From the records below, please repeat exactly the line that has "text \<open>A 0-walk", the line that has "x t \<and> l = (1, 0))", and every line between them, and nothing else.

_DATA FOR PROCESSING_.
+++
(* Let $G^1$ be a 1-wconnected 1-graph with infinitely many boundary 1-nodes (not necessarily locally 1-finite). Suppose ${}^{*}G^1$ has a hypernode (of rank 0 or 1) that is not in its principal 1-galaxy $\Gamma_0^1$. Then there exist 1-galaxies $\Gamma_i^1$, $i\in\mathbb Z$, all different from $\Gamma_0^1$, such that for all integers $i<j$ the 1-galaxy $\Gamma_i^1$ is closer to $\Gamma_0^1$ than is $\Gamma_j^1$.
   Context: 1-graphs. A 1-graph $G^1=\{X^0,B,X^1\}$ consists of a graph $G^0=\{X^0,B\}$ (0-nodes, with branches as two-element sets) and 1-nodes. The 1-nodes are obtained by partitioning the 0-tips of $G^0$ (classes of eventually identical one-ended paths) into subsets, some augmented by a single 0-node (each 0-node used at most once). Wdistance. The wdistance $d(x,y)$ is the minimum ordinal length of a two-ended 0-walk or 1-walk terminating at $x$ and $y$. A finite 0-walk has length equal to its number of branch traversals; each 0-tip traversal contributes $\omega$; 1-walk lengths are natural sums. Thus $d<\omega^2$. $\oplus$ denotes the natural sum of ordinals. 1-wconnected: any two nodes are joined by such a walk. A 0-section is the subgraph of $G^0$ induced by a maximal set of pairwise path-connected branches. A boundary 1-node is a 1-node incident to at least two 0-sections. Enlargement. Fix a free ultrafilter $\mathcal F$ on $\mathbb N$. Hypernodes are classes $[x_n]$ of sequences of 0-nodes or of 1-nodes, modulo agreement on a set in $\mathcal F$. A standard hypernode is the class of a constant sequence. 1-galaxies. Hypernodes $[x_n],[y_n]$ are 1-limitedly distant if $\{n:d(x_n,y_n)\le\omega\cdot k\}\in\mathcal F$ for some $k\in\mathbb N$. 1-galaxies are the equivalence classes of this relation together with the hyperbranches between their 0-hypernodes. The principal 1-galaxy $\Gamma_0^1$ contains the standard hypernodes. Closeness. For 1-galaxies $\Gamma_a^1,\Gamma_b^1\ne\Gamma_0^1$, $\Gamma^1_a$ is closer to $\Gamma_0^1$ than is $\Gamma_b^1$ if there exist $[y_n]\in\Gamma_a^1$, $[z_n]\in\Gamma_b^1$ and $[x_n]\in\Gamma_0^1$ with $\{n: d(z_n,x_n)\ge d(y_n,x_n)\oplus\omega\cdot m\}\in\mathcal F$ for every $m\in\mathbb N$. *)

theory Defs
  imports Main "HOL-Library.Product_Lexorder"
begin

text \<open>An ordinal \<open>\<omega>\<cdot>k + n < \<omega>\<^sup>2\<close> is represented by the pair \<open>(k, n)\<close>;
  the lexicographic order on pairs (Product_Lexorder) is exactly the ordinal order,
  and the natural sum is componentwise addition.\<close>

type_synonym wlen = "nat \<times> nat"

definition natsum :: "wlen \<Rightarrow> wlen \<Rightarrow> wlen" where
  "natsum a b = (fst a + fst b, snd a + snd b)"

definition omega_times :: "nat \<Rightarrow> wlen" where
  "omega_times k = (k, 0)"

text \<open>A 0-graph is \<open>(X0, B)\<close>: a set of 0-nodes and a set of branches, each branch a
  two-element set of 0-nodes.\<close>

definition path0 :: "'v set set \<Rightarrow> (nat \<Rightarrow> 'v) \<Rightarrow> bool" where
  "path0 B p \<longleftrightarrow> inj p \<and> (\<forall>i. {p i, p (Suc i)} \<in> B)"

definition eventually_identical :: "(nat \<Rightarrow> 'v) \<Rightarrow> (nat \<Rightarrow> 'v) \<Rightarrow> bool" where
  "eventually_identical p q \<longleftrightarrow> (\<exists>i j. \<forall>k. p (i + k) = q (j + k))"

definition tips0 :: "'v set set \<Rightarrow> (nat \<Rightarrow> 'v) set set" where
  "tips0 B = {{q. path0 B q \<and> eventually_identical p q} | p. path0 B p}"

text \<open>A 1-node is a (nonempty) set of 0-tips, optionally augmented by a single 0-node.\<close>
type_synonym 'v node1 = "(nat \<Rightarrow> 'v) set set \<times> 'v option"

text \<open>Nodes of the 1-graph: 0-nodes (Inl) and 1-nodes (Inr).\<close>
type_synonym 'v gnode = "'v + 'v node1"

definition one_graph :: "'v set \<Rightarrow> 'v set set \<Rightarrow> 'v node1 set \<Rightarrow> bool" where
  "one_graph X0 B X1 \<longleftrightarrow>
     (\<forall>b\<in>B. b \<subseteq> X0 \<and> card b = 2) \<and>
     (\<forall>u\<in>X1. fst u \<noteq> {} \<and> fst u \<subseteq> tips0 B) \<and>
     (\<Union>u\<in>X1. fst u) = tips0 B \<and>
     (\<forall>u\<in>X1. \<forall>u'\<in>X1. u \<noteq> u' \<longrightarrow> fst u \<inter> fst u' = {}) \<and>
     (\<forall>u\<in>X1. \<forall>v. snd u = Some v \<longrightarrow> v \<in> X0) \<and>
     (\<forall>u\<in>X1. \<forall>u'\<in>X1. \<forall>v. snd u = Some v \<and> snd u' = Some v \<longrightarrow> u = u')"

definition gnodes :: "'v set \<Rightarrow> 'v node1 set \<Rightarrow> 'v gnode set" where
  "gnodes X0 X1 = Inl ` X0 \<union> Inr ` X1"

definition meets :: "'v gnode \<Rightarrow> 'v \<Rightarrow> bool" where
  "meets x v \<longleftrightarrow> x = Inl v \<or> (\<exists>u. x = Inr u \<and> snd u = Some v)"

definition tip_at :: "'v gnode \<Rightarrow> (nat \<Rightarrow> 'v) set \<Rightarrow> bool" where
  "tip_at x t \<longleftrightarrow> (\<exists>u. x = Inr u \<and> t \<in> fst u)"

definition traverses :: "'v set set \<Rightarrow> (nat \<Rightarrow> 'v) \<Rightarrow> (nat \<Rightarrow> 'v) set \<Rightarrow> bool" where
  "traverses B f t \<longleftrightarrow> (\<forall>i. {f i, f (Suc i)} \<in> B) \<and>
     (\<exists>i. path0 B (\<lambda>k. f (i + k)) \<and> (\<lambda>k. f (i + k)) \<in> t)"

text \<open>A 0-walk segment of a walk from node \<open>x\<close> to node \<open>y\<close>, with its length:
  finite (n branch traversals, length n), one-ended in either direction (length \<omega>),
  or endless (two tips, length \<omega>\<cdot>2).\<close>
definition seg0 :: "'v set set \<Rightarrow> 'v gnode \<Rightarrow> 'v gnode \<Rightarrow> wlen \<Rightarrow> bool" where
  "seg0 B x y l \<longleftrightarrow>
     (\<exists>f :: nat \<Rightarrow> 'v. \<exists>n. (\<forall>i<n. {f i, f (Suc i)} \<in> B) \<and> meets x (f 0) \<and> meets y (f n)
        \<and> l = (0, n))
   \<or> (\<exists>f t. meets x (f 0) \<and> traverses B f t \<and> tip_at y t \<and> l = (1, 0))
   \<or> (\<exists>f t. meets y (f 0) \<and> traverses B f t \<and> tip_at x t \<and> l = (1, 0))
   \<or> (\<exists>f :: int \<Rightarrow> 'v. \<exists>t1 t2. (\<forall>i. {f i, f (i + 1)} \<in> B) \<and>
        traverses B (\<lambda>k. f (- int k)) t1 \<and> tip_at x t1 \<and>
        traverses B (\<lambda>k. f (int k)) t2 \<and> tip_at y t2 \<and> l = (2, 0))"

definition has_walk :: "'v set \<Rightarrow> 'v set set \<Rightarrow> 'v node1 set \<Rightarrow>
    'v gnode \<Rightarrow> 'v gnode \<Rightarrow> wlen \<Rightarrow> bool" where
  "has_walk X0 B X1 x y l \<longleftrightarrow> x \<in> gnodes X0 X1 \<and> y \<in> gnodes X0 X1 \<and>
     ((x = y \<and> l = (0, 0)) \<or>
      (\<exists>m :: nat. \<exists>xs :: nat \<Rightarrow> 'v gnode. \<exists>ls :: nat \<Rightarrow> wlen. m \<ge> 1 \<and>
         xs 0 = x \<and> xs m = y \<and> (\<forall>i. 0 < i \<and> i < m \<longrightarrow> xs i \<in> Inr ` X1) \<and>
         (\<forall>i<m. seg0 B (xs i) (xs (Suc i)) (ls i)) \<and>
         l = ((\<Sum>i<m. fst (ls i)), (\<Sum>i<m. snd (ls i)))))"

definition wconnected1 :: "'v set \<Rightarrow> 'v set set \<Rightarrow> 'v node1 set \<Rightarrow> bool" where
  "wconnected1 X0 B X1 \<longleftrightarrow>
     (\<forall>x\<in>gnodes X0 X1. \<forall>y\<in>gnodes X0 X1. \<exists>l. has_walk X0 B X1 x y l)"

definition wdist :: "'v set \<Rightarrow> 'v set set \<Rightarrow> 'v node1 set \<Rightarrow>
    'v gnode \<Rightarrow> 'v gnode \<Rightarrow> wlen" where
  "wdist X0 B X1 x y = (LEAST l. has_walk X0 B X1 x y l)"

definition branch_conn :: "'v set set \<Rightarrow> 'v set \<Rightarrow> 'v set \<Rightarrow> bool" where
  "branch_conn B b b' \<longleftrightarrow>
     (\<exists>a\<in>b. \<exists>c\<in>b'. (a, c) \<in> {(p, q). {p, q} \<in> B}\<^sup>*)"

text \<open>0-sections, each given by its set of branches (maximal sets of pairwise
  path-connected branches).\<close>
definition sections0 :: "'v set set \<Rightarrow> 'v set set set" where
  "sections0 B = {{b'\<in>B. branch_conn B b b'} | b. b \<in> B}"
+++
_RESPONSE BOX_.
text \<open>A 0-walk segment of a walk from node \<open>x\<close> to node \<open>y\<close>, with its length:
  finite (n branch traversals, length n), one-ended in either direction (length \<omega>),
  or endless (two tips, length \<omega>\<cdot>2).\<close>
definition seg0 :: "'v set set \<Rightarrow> 'v gnode \<Rightarrow> 'v gnode \<Rightarrow> wlen \<Rightarrow> bool" where
  "seg0 B x y l \<longleftrightarrow>
     (\<exists>f :: nat \<Rightarrow> 'v. \<exists>n. (\<forall>i<n. {f i, f (Suc i)} \<in> B) \<and> meets x (f 0) \<and> meets y (f n)
        \<and> l = (0, n))
   \<or> (\<exists>f t. meets x (f 0) \<and> traverses B f t \<and> tip_at y t \<and> l = (1, 0))
   \<or> (\<exists>f t. meets y (f 0) \<and> traverses B f t \<and> tip_at x t \<and> l = (1, 0))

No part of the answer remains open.